Stored data:

▬▬▬▬▬▬

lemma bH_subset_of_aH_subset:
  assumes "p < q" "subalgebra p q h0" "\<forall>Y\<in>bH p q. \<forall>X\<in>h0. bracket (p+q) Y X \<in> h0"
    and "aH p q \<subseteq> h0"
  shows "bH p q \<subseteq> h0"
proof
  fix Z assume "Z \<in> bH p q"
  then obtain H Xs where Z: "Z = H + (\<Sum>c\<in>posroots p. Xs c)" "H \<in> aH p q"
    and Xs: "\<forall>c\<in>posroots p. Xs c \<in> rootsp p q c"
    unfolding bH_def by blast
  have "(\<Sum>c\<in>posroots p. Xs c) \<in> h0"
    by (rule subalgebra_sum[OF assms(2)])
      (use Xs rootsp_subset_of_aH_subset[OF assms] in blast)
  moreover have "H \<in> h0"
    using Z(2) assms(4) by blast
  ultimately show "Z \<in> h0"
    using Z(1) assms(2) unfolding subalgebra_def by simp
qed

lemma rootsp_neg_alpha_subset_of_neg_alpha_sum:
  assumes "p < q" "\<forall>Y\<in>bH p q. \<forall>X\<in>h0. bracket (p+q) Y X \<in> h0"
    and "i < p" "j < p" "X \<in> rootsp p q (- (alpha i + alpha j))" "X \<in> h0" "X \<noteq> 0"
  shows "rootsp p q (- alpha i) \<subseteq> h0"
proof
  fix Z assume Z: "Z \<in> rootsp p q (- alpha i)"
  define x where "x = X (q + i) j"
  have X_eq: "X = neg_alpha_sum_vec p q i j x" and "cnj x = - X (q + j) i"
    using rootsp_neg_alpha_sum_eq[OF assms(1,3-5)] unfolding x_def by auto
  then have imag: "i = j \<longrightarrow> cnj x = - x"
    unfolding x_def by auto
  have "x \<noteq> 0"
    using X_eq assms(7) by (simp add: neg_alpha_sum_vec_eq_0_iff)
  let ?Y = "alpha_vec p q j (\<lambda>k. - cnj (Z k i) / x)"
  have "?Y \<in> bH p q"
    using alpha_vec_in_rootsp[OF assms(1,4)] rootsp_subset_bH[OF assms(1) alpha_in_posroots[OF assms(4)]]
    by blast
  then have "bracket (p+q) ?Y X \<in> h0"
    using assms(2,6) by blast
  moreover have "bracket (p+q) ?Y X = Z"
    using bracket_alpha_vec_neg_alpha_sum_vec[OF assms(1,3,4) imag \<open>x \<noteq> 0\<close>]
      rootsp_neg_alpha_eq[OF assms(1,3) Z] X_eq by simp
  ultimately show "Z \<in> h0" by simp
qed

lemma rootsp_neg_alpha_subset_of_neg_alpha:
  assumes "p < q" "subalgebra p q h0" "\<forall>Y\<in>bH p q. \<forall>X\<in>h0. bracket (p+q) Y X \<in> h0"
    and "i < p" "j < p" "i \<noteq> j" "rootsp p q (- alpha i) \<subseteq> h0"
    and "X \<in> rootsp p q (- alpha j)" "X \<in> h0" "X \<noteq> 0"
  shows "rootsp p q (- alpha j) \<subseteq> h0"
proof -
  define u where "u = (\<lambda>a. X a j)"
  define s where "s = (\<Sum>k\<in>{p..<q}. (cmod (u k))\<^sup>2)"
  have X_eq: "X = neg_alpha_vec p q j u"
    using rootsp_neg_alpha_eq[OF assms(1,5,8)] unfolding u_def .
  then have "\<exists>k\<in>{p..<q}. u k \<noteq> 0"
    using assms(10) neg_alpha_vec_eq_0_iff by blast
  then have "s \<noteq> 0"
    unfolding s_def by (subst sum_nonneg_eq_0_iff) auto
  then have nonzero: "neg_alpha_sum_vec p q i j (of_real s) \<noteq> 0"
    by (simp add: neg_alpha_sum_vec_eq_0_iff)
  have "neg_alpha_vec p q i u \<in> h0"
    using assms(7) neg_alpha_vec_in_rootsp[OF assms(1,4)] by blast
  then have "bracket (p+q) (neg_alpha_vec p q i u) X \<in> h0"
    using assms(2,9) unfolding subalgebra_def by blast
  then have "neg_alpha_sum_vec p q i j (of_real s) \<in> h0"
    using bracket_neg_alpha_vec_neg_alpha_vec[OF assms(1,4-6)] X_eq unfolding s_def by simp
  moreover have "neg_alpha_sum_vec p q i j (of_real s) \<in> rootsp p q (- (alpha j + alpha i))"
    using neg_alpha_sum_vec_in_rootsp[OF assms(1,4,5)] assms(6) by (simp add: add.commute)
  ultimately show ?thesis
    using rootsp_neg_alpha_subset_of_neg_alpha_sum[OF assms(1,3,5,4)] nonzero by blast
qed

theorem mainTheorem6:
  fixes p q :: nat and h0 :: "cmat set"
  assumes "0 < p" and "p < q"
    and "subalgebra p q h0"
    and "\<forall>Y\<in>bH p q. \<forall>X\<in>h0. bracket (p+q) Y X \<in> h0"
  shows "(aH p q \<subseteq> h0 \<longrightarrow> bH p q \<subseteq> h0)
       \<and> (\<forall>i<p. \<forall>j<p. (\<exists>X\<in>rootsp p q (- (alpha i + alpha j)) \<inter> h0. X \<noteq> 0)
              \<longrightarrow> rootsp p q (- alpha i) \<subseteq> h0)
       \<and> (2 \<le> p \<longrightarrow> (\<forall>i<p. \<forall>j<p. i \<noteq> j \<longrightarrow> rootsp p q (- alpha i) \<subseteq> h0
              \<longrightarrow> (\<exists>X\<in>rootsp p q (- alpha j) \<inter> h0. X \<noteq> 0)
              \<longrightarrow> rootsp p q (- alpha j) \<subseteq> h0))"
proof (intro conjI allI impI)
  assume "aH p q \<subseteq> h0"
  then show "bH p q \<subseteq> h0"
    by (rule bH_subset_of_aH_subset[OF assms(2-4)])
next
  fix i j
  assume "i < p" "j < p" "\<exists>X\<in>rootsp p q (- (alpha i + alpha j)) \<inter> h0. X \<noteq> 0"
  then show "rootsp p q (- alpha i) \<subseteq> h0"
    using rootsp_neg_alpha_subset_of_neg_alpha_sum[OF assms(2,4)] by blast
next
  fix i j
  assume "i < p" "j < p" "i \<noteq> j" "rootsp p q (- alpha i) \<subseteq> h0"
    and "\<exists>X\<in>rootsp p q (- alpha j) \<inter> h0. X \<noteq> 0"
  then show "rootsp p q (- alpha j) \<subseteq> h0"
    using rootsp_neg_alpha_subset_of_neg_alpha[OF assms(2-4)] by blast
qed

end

▬▬▬▬▬▬

◆ **Work item**
From the entries above, list each line with "imag" in it.

◆ **Exercise answer**
  then have imag: "i = j \<longrightarrow> cnj x = - x"
    using bracket_alpha_vec_neg_alpha_sum_vec[OF assms(1,3,4) imag \<open>x \<noteq> 0\<close>]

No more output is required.